EXERCISE PROMPT
From the records below, report the number of lines that contain "bool", and add nothing.

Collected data
#####
(* Consider the balanced regret multi-representative selection problem \[\min_{\pmb x\in\mathcal X}\ \max_{\pmb\delta\in\Delta(\Gamma),\,\pmb y\in\mathcal X}\ \min_{\pmb\epsilon\in\Delta(\Gamma')}\ \sum_{i\in[n]}(\hat c_i+d_i\delta_i+d_i\epsilon_i)(x_i-y_i),\quad \mathcal X=\Big\{\pmb x\in\{0,1\}^n:\sum_{i\in T_\ell}x_i=p_\ell\ \forall\ell\in[L]\Big\}.\] If $\hat{\pmb c}$ or $\pmb d$ is a vector all of whose entries are equal, then an optimal solution can be found in polynomial time.
   Context: $[n]=\{1,\dots,n\}$; $T_1\cup\dots\cup T_L=[n]$ is a partition and $p_\ell\le|T_\ell|$ are integers; $\hat c_i\ge0$, $d_i\ge0$; $\Gamma,\Gamma'\ge0$ are integers and $\Delta(k)=\{\pmb\delta\in\{0,1\}^n:\sum_i\delta_i\le k\}$. *)

theory Defs
  imports Complex_Main
begin

text \<open>Indices are 0-based: items are 0..n-1, parts are 0..L-1.
  The partition T_1,...,T_L of the item set is given by a label function t:
  item i belongs to part t i.\<close>

definition part :: "nat \<Rightarrow> (nat \<Rightarrow> nat) \<Rightarrow> nat \<Rightarrow> nat set" where
  "part n t l = {i. i < n \<and> t i = l}"

definition feasible :: "nat \<Rightarrow> nat \<Rightarrow> (nat \<Rightarrow> nat) \<Rightarrow> (nat \<Rightarrow> nat) \<Rightarrow> (nat \<Rightarrow> nat) set" where
  "feasible n L t p = {x. (\<forall>i. x i \<in> {0,1}) \<and> (\<forall>i\<ge>n. x i = 0) \<and>
       (\<forall>l<L. (\<Sum>i\<in>part n t l. x i) = p l)}"

definition Delta :: "nat \<Rightarrow> nat \<Rightarrow> (nat \<Rightarrow> nat) set" where
  "Delta n k = {\<delta>. (\<forall>i. \<delta> i \<in> {0,1}) \<and> (\<forall>i\<ge>n. \<delta> i = 0) \<and> (\<Sum>i<n. \<delta> i) \<le> k}"

definition regret_val ::
  "nat \<Rightarrow> (nat \<Rightarrow> real) \<Rightarrow> (nat \<Rightarrow> real) \<Rightarrow> (nat \<Rightarrow> nat) \<Rightarrow> (nat \<Rightarrow> nat) \<Rightarrow> (nat \<Rightarrow> nat) \<Rightarrow> (nat \<Rightarrow> nat) \<Rightarrow> real" where
  "regret_val n c d \<delta> \<epsilon> x y =
     (\<Sum>i<n. (c i + d i * real (\<delta> i) + d i * real (\<epsilon> i)) * (real (x i) - real (y i)))"

definition objective ::
  "nat \<Rightarrow> nat \<Rightarrow> (nat \<Rightarrow> nat) \<Rightarrow> (nat \<Rightarrow> nat) \<Rightarrow> nat \<Rightarrow> nat \<Rightarrow> (nat \<Rightarrow> real) \<Rightarrow> (nat \<Rightarrow> real) \<Rightarrow> (nat \<Rightarrow> nat) \<Rightarrow> real" where
  "objective n L t p G G' c d x =
     Max ((\<lambda>(\<delta>, y). Min ((\<lambda>\<epsilon>. regret_val n c d \<delta> \<epsilon> x y) ` Delta n G'))
            ` (Delta n G \<times> feasible n L t p))"

definition optimal ::
  "nat \<Rightarrow> nat \<Rightarrow> (nat \<Rightarrow> nat) \<Rightarrow> (nat \<Rightarrow> nat) \<Rightarrow> nat \<Rightarrow> nat \<Rightarrow> (nat \<Rightarrow> real) \<Rightarrow> (nat \<Rightarrow> real) \<Rightarrow> (nat \<Rightarrow> nat) \<Rightarrow> bool" where
  "optimal n L t p G G' c d x \<longleftrightarrow> x \<in> feasible n L t p \<and>
     (\<forall>x'\<in>feasible n L t p. objective n L t p G G' c d x \<le> objective n L t p G G' c d x')"

definition valid_instance ::
  "nat \<Rightarrow> nat \<Rightarrow> (nat \<Rightarrow> nat) \<Rightarrow> (nat \<Rightarrow> nat) \<Rightarrow> (nat \<Rightarrow> real) \<Rightarrow> (nat \<Rightarrow> real) \<Rightarrow> bool" where
  "valid_instance n L t p c d \<longleftrightarrow>
     (\<forall>i<n. t i < L) \<and> (\<forall>l<L. part n t l \<noteq> {}) \<and>
     (\<forall>l<L. p l \<le> card (part n t l)) \<and>
     (\<forall>i<n. c i \<ge> 0 \<and> d i \<ge> 0)"

definition all_equal :: "nat \<Rightarrow> (nat \<Rightarrow> real) \<Rightarrow> bool" where
  "all_equal n v \<longleftrightarrow> (\<forall>i<n. \<forall>j<n. v i = v j)"

text \<open>No multiplication, division or floor, so that unit cost is a sound measure
  (polynomially related to Turing machines on integer data).\<close>

datatype instr =
    Const nat int
  | Add nat nat nat
  | Sub nat nat nat
  | Load nat nat
  | Store nat nat
  | JmpLe nat nat nat
  | Halt

type_synonym config = "nat \<times> (nat \<Rightarrow> real)"

definition halted :: "instr list \<Rightarrow> config \<Rightarrow> bool" where
  "halted P cf \<longleftrightarrow> fst cf \<ge> length P \<or> P ! fst cf = Halt"

fun exec :: "instr \<Rightarrow> config \<Rightarrow> config option" where
  "exec (Const r v) (pc, m) = Some (Suc pc, m(r := real_of_int v))"
| "exec (Add r a b) (pc, m) = Some (Suc pc, m(r := m a + m b))"
| "exec (Sub r a b) (pc, m) = Some (Suc pc, m(r := m a - m b))"
| "exec (Load r a) (pc, m) =
     (if m a \<in> \<nat> then Some (Suc pc, m(r := m (nat \<lfloor>m a\<rfloor>))) else None)"
| "exec (Store a s) (pc, m) =
     (if m a \<in> \<nat> then Some (Suc pc, m(nat \<lfloor>m a\<rfloor> := m s)) else None)"
| "exec (JmpLe a b tg) (pc, m) = Some (if m a \<le> m b then tg else Suc pc, m)"
| "exec Halt (pc, m) = Some (pc, m)"

fun run :: "instr list \<Rightarrow> nat \<Rightarrow> config \<Rightarrow> config option" where
  "run P 0 cf = Some cf"
| "run P (Suc k) cf =
     (if halted P cf then Some cf
      else (case exec (P ! fst cf) cf of None \<Rightarrow> None | Some cf' \<Rightarrow> run P k cf'))"

text \<open>Input encoding: reg 0 = n, 1 = L, 2 = Gamma, 3 = Gamma',
  4+i = c_i, 4+n+i = d_i, 4+2n+i = t_i (i<n), 4+3n+l = p_l (l<L), all others 0.
  Output convention: on halting, register 4+i holds x_i (i<n).\<close>
definition encode ::
  "nat \<Rightarrow> nat \<Rightarrow> (nat \<Rightarrow> nat) \<Rightarrow> (nat \<Rightarrow> nat) \<Rightarrow> nat \<Rightarrow> nat \<Rightarrow> (nat \<Rightarrow> real) \<Rightarrow> (nat \<Rightarrow> real) \<Rightarrow> nat \<Rightarrow> real" where
  "encode n L t p G G' c d r =
     (if r = 0 then real n else if r = 1 then real L
      else if r = 2 then real G else if r = 3 then real G'
      else if 4 \<le> r \<and> r < 4 + n then c (r - 4)
      else if 4 + n \<le> r \<and> r < 4 + 2*n then d (r - (4 + n))
      else if 4 + 2*n \<le> r \<and> r < 4 + 3*n then real (t (r - (4 + 2*n)))
      else if 4 + 3*n \<le> r \<and> r < 4 + 3*n + L then real (p (r - (4 + 3*n)))
      else 0)"

end

theory Submission
  imports "HOL-Combinatorics.Permutations" "HOL-Library.Product_Lexorder" Defs
begin

(* Within each part, the greedy solution takes the p_l items of smallest c_i + d_i.  The objective
   is invariant under relabelling the items of a part, so exchanging a chosen item i with an
   unchosen item j of the same part amounts to keeping x and swapping the coefficients of i and j.
   If c or d is constant, c_j + d_j <= c_i + d_i gives c_j <= c_i and d_j <= d_i, so the swap
   lowers the coefficients of a chosen item and raises those of an unchosen one; this can only
   decrease every regret term, hence the objective.  Repeated exchanges turn any feasible x into
   the greedy solution, which is therefore optimal.  It is computed in O(n^2) steps by ranking
   every item within its part. *)

(* Defs is imported last so that part denotes the partition and not Multiset.part. *)

section \<open>Ranks with respect to an injective key\<close>

definition rank_in :: "'a set \<Rightarrow> ('a \<Rightarrow> 'b::linorder) \<Rightarrow> 'a \<Rightarrow> nat" where
  "rank_in A f a = card {b \<in> A. f b < f a}"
#####
ANSWER BOX
4